In 1828, William Clarke in London, published the second edition of The Boy’s Own Book which included rules of rounders, and contains the first printed description in English of a bat and ball base-running game played on a diamond. The following year, the book was published in Boston, Massachusetts. Similar rules were published in Boston in "The Book of Sports," written by Robin Carver in 1834, except the Boston version called the game "Base" or "Goal ball." The rules were identical to those of poison ball, but also added fair and foul balls and strike-outs.

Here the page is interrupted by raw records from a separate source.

(* Let $C\subseteq\mathbb{F}_q^{2n}$ be a symplectic self-orthogonal $\mathbb F_q$-linear code with stabilizer code $Q(C)$, and let $\emptyset\neq I\subsetneq J\subseteq\{1,\dots,n\}$. If $|J|\geq n-\mathrm{swt}(C^{\perp_s})+|I|+1$, then $Q(C)$ is $(I,J)$-locally recoverable.
   Context: $q$ is a power of a prime $p$. Vectors of $\mathbb{F}_q^{2n}$ are written $(\mathbf a|\mathbf b)$, coordinate pair $(a_j,b_j)$ indexed by $j\in\{1,\dots,n\}$. Symplectic form $(\mathbf a|\mathbf b)\cdot_s(\mathbf c|\mathbf d)=\mathbf a\cdot\mathbf d-\mathbf b\cdot\mathbf c$; $C^{\perp_s}$ its dual; $C$ symplectic self-orthogonal if $C\subseteq C^{\perp_s}$. The symplectic weight of $(\mathbf a|\mathbf b)$ is $\#\{j:(a_j,b_j)\ne(0,0)\}$, and $\mathrm{swt}(D)$ is the minimum symplectic weight of a nonzero vector of $D$. Quantum setting: $\xi=e^{2\pi\iota/p}$; $X(a)|x\rangle=|x+a\rangle$, $Z(b)|x\rangle=\xi^{\mathrm{tr}_{q/p}(bx)}|x\rangle$ on $\mathbb C^q$; $E_{(\mathbf a,\mathbf b)}=\bigotimes_jX(a_j)Z(b_j)$. $Q(C)\subseteq\mathbb C^{q^n}$ is the common eigenspace $\{v:Ev=\lambda(E)v\ \forall E\in S\}$, $S$ the commutative group generated by scalars $\xi^\ell\mathcal I$ and $E_{\mathbf y}$, $\mathbf y\in C$, $\lambda$ a character with $\lambda(\xi\mathcal I)=\xi$. Let $\Gamma(\rho)=q^{-2}\sum_{a,b}X(a)Z(b)\rho(X(a)Z(b))^\dagger$, and $\Gamma^I$ apply $\Gamma$ to the qudits indexed by $I$, identity elsewhere. $Q$ is $(I,J)$-locally recoverable if there is a trace-preserving quantum operation $\mathcal R$ acting only on the qudits indexed by $J$ with $\mathcal R\circ\Gamma^I(|\varphi\rangle\langle\varphi|)=|\varphi\rangle\langle\varphi|$ for all $|\varphi\rangle\in Q$. *)

theory Defs
  imports Complex_Main "HOL-Library.Cardinality"
begin

definition field_degree :: "'a::{finite,field} itself \<Rightarrow> nat" where
  "field_degree _ = (THE m. CARD('a) = CHAR('a) ^ m)"

definition field_trace :: "'a::{finite,field} \<Rightarrow> 'a" where
  "field_trace x = (\<Sum>i<field_degree TYPE('a). x ^ (CHAR('a) ^ i))"

text \<open>The trace lies in the prime field {0,1,...,p-1}; identify it with a natural number k < p.\<close>
definition trace_nat :: "'a::{finite,field} \<Rightarrow> nat" where
  "trace_nat x = (THE k. k < CHAR('a) \<and> of_nat k = field_trace x)"

definition xi :: "'a::{finite,field} itself \<Rightarrow> complex" where
  "xi _ = exp (2 * pi * \<i> / of_nat CHAR('a))"

type_synonym 'b mat = "'b \<Rightarrow> 'b \<Rightarrow> complex"

definition mmult :: "'b::finite mat \<Rightarrow> 'b mat \<Rightarrow> 'b mat" where
  "mmult A B = (\<lambda>x y. \<Sum>z\<in>UNIV. A x z * B z y)"

definition madj :: "'b mat \<Rightarrow> 'b mat" where
  "madj A = (\<lambda>x y. cnj (A y x))"

definition mid :: "'b mat" where
  "mid = (\<lambda>x y. if x = y then 1 else 0)"

definition msmult :: "complex \<Rightarrow> 'b mat \<Rightarrow> 'b mat" where
  "msmult c A = (\<lambda>x y. c * A x y)"

definition mvec :: "'b::finite mat \<Rightarrow> ('b \<Rightarrow> complex) \<Rightarrow> ('b \<Rightarrow> complex)" where
  "mvec A v = (\<lambda>x. \<Sum>y\<in>UNIV. A x y * v y)"

definition proj :: "('b \<Rightarrow> complex) \<Rightarrow> 'b mat" where
  "proj v = (\<lambda>x y. v x * cnj (v y))"

definition Xop :: "'a::{finite,field} \<Rightarrow> 'a mat" where
  "Xop a = (\<lambda>x y. if x = y + a then 1 else 0)"

definition Zop :: "'a::{finite,field} \<Rightarrow> 'a mat" where
  "Zop b = (\<lambda>x y. if x = y then xi TYPE('a) ^ trace_nat (b * y) else 0)"

text \<open>E_(a,b) = tensor over j of X(a_j) Z(b_j), on C^{q^n} with basis labels 'n => 'a.\<close>
definition Eop :: "('n::finite \<Rightarrow> 'a::{finite,field}) \<times> ('n \<Rightarrow> 'a) \<Rightarrow> ('n \<Rightarrow> 'a) mat" where
  "Eop ab = (\<lambda>x y. \<Prod>j\<in>UNIV. mmult (Xop (fst ab j)) (Zop (snd ab j)) (x j) (y j))"

definition Fq_linear :: "(('n \<Rightarrow> 'a::field) \<times> ('n \<Rightarrow> 'a)) set \<Rightarrow> bool" where
  "Fq_linear C \<longleftrightarrow> (\<lambda>_. 0, \<lambda>_. 0) \<in> C \<and>
     (\<forall>u\<in>C. \<forall>v\<in>C. (\<lambda>j. fst u j + fst v j, \<lambda>j. snd u j + snd v j) \<in> C) \<and>
     (\<forall>c. \<forall>u\<in>C. (\<lambda>j. c * fst u j, \<lambda>j. c * snd u j) \<in> C)"

definition symp :: "('n::finite \<Rightarrow> 'a::field) \<times> ('n \<Rightarrow> 'a) \<Rightarrow> ('n \<Rightarrow> 'a) \<times> ('n \<Rightarrow> 'a) \<Rightarrow> 'a" where
  "symp u v = (\<Sum>j\<in>UNIV. fst u j * snd v j) - (\<Sum>j\<in>UNIV. snd u j * fst v j)"

definition symp_dual :: "(('n::finite \<Rightarrow> 'a::field) \<times> ('n \<Rightarrow> 'a)) set \<Rightarrow> (('n \<Rightarrow> 'a) \<times> ('n \<Rightarrow> 'a)) set" where
  "symp_dual C = {v. \<forall>u\<in>C. symp u v = 0}"

definition swt_vec :: "('n::finite \<Rightarrow> 'a::zero) \<times> ('n \<Rightarrow> 'a) \<Rightarrow> nat" where
  "swt_vec v = card {j. (fst v j, snd v j) \<noteq> (0, 0)}"

definition swt :: "(('n::finite \<Rightarrow> 'a::zero) \<times> ('n \<Rightarrow> 'a)) set \<Rightarrow> nat" where
  "swt D = Min {swt_vec v | v. v \<in> D \<and> v \<noteq> (\<lambda>_. 0, \<lambda>_. 0)}"

inductive_set stab_group :: "(('n::finite \<Rightarrow> 'a::{finite,field}) \<times> ('n \<Rightarrow> 'a)) set \<Rightarrow> ('n \<Rightarrow> 'a) mat set"
  for C where
  scal: "msmult (xi TYPE('a) ^ l) mid \<in> stab_group C"
| gen: "y \<in> C \<Longrightarrow> Eop y \<in> stab_group C"
| mult: "A \<in> stab_group C \<Longrightarrow> B \<in> stab_group C \<Longrightarrow> mmult A B \<in> stab_group C"

definition stab_character :: "(('n::finite \<Rightarrow> 'a::{finite,field}) \<times> ('n \<Rightarrow> 'a)) set \<Rightarrow> (('n \<Rightarrow> 'a) mat \<Rightarrow> complex) \<Rightarrow> bool" where
  "stab_character C lam \<longleftrightarrow>
     (\<forall>A\<in>stab_group C. \<forall>B\<in>stab_group C. lam (mmult A B) = lam A * lam B) \<and>
     lam (msmult (xi TYPE('a)) mid) = xi TYPE('a)"

definition stab_code :: "(('n::finite \<Rightarrow> 'a::{finite,field}) \<times> ('n \<Rightarrow> 'a)) set \<Rightarrow> (('n \<Rightarrow> 'a) mat \<Rightarrow> complex) \<Rightarrow> (('n \<Rightarrow> 'a) \<Rightarrow> complex) set" where
  "stab_code C lam = {v. \<forall>E\<in>stab_group C. mvec E v = (\<lambda>x. lam E * v x)}"

text \<open>Gamma^I = tensor of the channel Gamma on the qudits in I (identity elsewhere):
  q^{-2|I|} sum over a,b supported in I of E_(a,b) rho E_(a,b)^dagger.\<close>
definition Gamma_on :: "'n::finite set \<Rightarrow> ('n \<Rightarrow> 'a::{finite,field}) mat \<Rightarrow> ('n \<Rightarrow> 'a) mat" where
  "Gamma_on I rho = msmult (1 / of_nat (CARD('a) ^ (2 * card I)))
     (\<lambda>x y. \<Sum>ab\<in>{ab. \<forall>j. j \<notin> I \<longrightarrow> fst ab j = 0 \<and> snd ab j = 0}.
        mmult (mmult (Eop ab) rho) (madj (Eop ab)) x y)"

text \<open>An operator acting only on the qudits indexed by J: A = B_J tensor Id_{J^c}.\<close>
definition acts_only_on :: "'n set \<Rightarrow> ('n \<Rightarrow> 'a::zero) mat \<Rightarrow> bool" where
  "acts_only_on J A \<longleftrightarrow> (\<exists>B :: ('n \<Rightarrow> 'a) mat. \<forall>x y.
      A x y = (if (\<forall>j. j \<notin> J \<longrightarrow> x j = y j)
               then B (\<lambda>j. if j \<in> J then x j else 0) (\<lambda>j. if j \<in> J then y j else 0) else 0))"

definition kraus_apply :: "('b::finite) mat list \<Rightarrow> 'b mat \<Rightarrow> 'b mat" where
  "kraus_apply Ks rho = (\<lambda>x y. \<Sum>K\<leftarrow>Ks. mmult (mmult K rho) (madj K) x y)"

definition tp_operation_on :: "'n::finite set \<Rightarrow> ('n \<Rightarrow> 'a::{finite,zero}) mat list \<Rightarrow> bool" where
  "tp_operation_on J Ks \<longleftrightarrow> (\<forall>K\<in>set Ks. acts_only_on J K) \<and>
     (\<lambda>x y. \<Sum>K\<leftarrow>Ks. mmult (madj K) K x y) = mid"

definition locally_recoverable :: "(('n::finite \<Rightarrow> 'a::{finite,field}) \<Rightarrow> complex) set \<Rightarrow> 'n set \<Rightarrow> 'n set \<Rightarrow> bool" where
  "locally_recoverable Q I J \<longleftrightarrow> (\<exists>Ks. tp_operation_on J Ks \<and>
     (\<forall>v\<in>Q. kraus_apply Ks (Gamma_on I (proj v)) = proj v))"

end

(*
  Write \<omega>(t) = \<xi>^tr(t) for the additive character of F_q and A = I \<union> (- J).
  Since |A| < swt(C^\<perp>), no nonzero vector supported on A is symplectically orthogonal to C,
  so restricting C to A gives every vector supported on A. Hence every nonzero error g supported on I has
  <c, g> \<noteq> 0 for some codeword c supported on J.

  On the code, each E_c (c \<in> C) acts by a scalar; dividing it out gives unitaries U_c that
  fix the code pointwise, multiply like the group C, and satisfy U_c E_e = \<omega>(-<c, e>) E_e U_c.
  Averaging the U_c over C_J = C \<inter> V_J against the characters c \<mapsto> \<omega>(<c, f>) yields orthogonal
  projections P_f (f supported on I) acting on J with P_f E_e v = [f = e] E_e v for v in the
  code, by the previous paragraph. The Kraus operators E_f^\<dagger> P_f together with 1 - \<Sigma>_f P_f
  therefore form a trace-preserving operation on J that undoes every E_e, hence also the
  erasure channel \<Gamma>^I, which is the uniform mixture of the conjugations by E_e.
*)
theory Submission
  imports Defs "HOL-Analysis.Analysis" "HOL-Computational_Algebra.Polynomial"
    "HOL-Computational_Algebra.Primes" "HOL-Library.Function_Algebras"
    "HOL-Library.Product_Plus"
begin

section \<open>Finite fields and their additive character\<close>

lemma prime_CHAR_finite_field: "prime CHAR('a::{finite,field})"
  using prime_CHAR_semidom[where ?'a='a] finite_imp_CHAR_pos[where ?'a='a] by auto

Also, in 1828, an article published in a Hagerstown, Maryland, newspaper briefly describes a young girl who is drawn away from her daily chores to play a familiar game with her friends. In "A Village Sketch," author Miss Mitford wrote: "Then comes a sun-burnt gipsy of six, beginning to grow tall and thin and to find the cares of the world gathering about her; with a pitcher in one hand, a mop in the other, an old straw bonnet of ambiguous shape, half hiding her tangled hair; a tattered stuff petticoat once green, hanging below an equally tattered cotton frock, once purple; her longing eyes fixed on a game of baseball at the corner of the green till she reaches the cottage door, flings down the mop and pitcher and darts off to her companions quite regardless of the storm of scolding with which the mother follows her runaway steps."
The account by Fred Lillywhite (1829–66) of the first English cricket tour to Canada and the United States in 1859 refers to the "base-ball game somewhat similar to the English and Irish game of 'rounders.'" A day's play was lost during a cricket match in New York due to snow, but a game of baseball was arranged about a mile away between "the players of that game and a portion of the English party" (The English Cricketers' Trip to Canada and the United States, 1860).
A unique British sport, known as British Baseball, is still played in parts of Wales and England. Although confined mainly to the cities of Cardiff, Newport and Liverpool, the sport boasts an annual international game between representative teams from the two countries.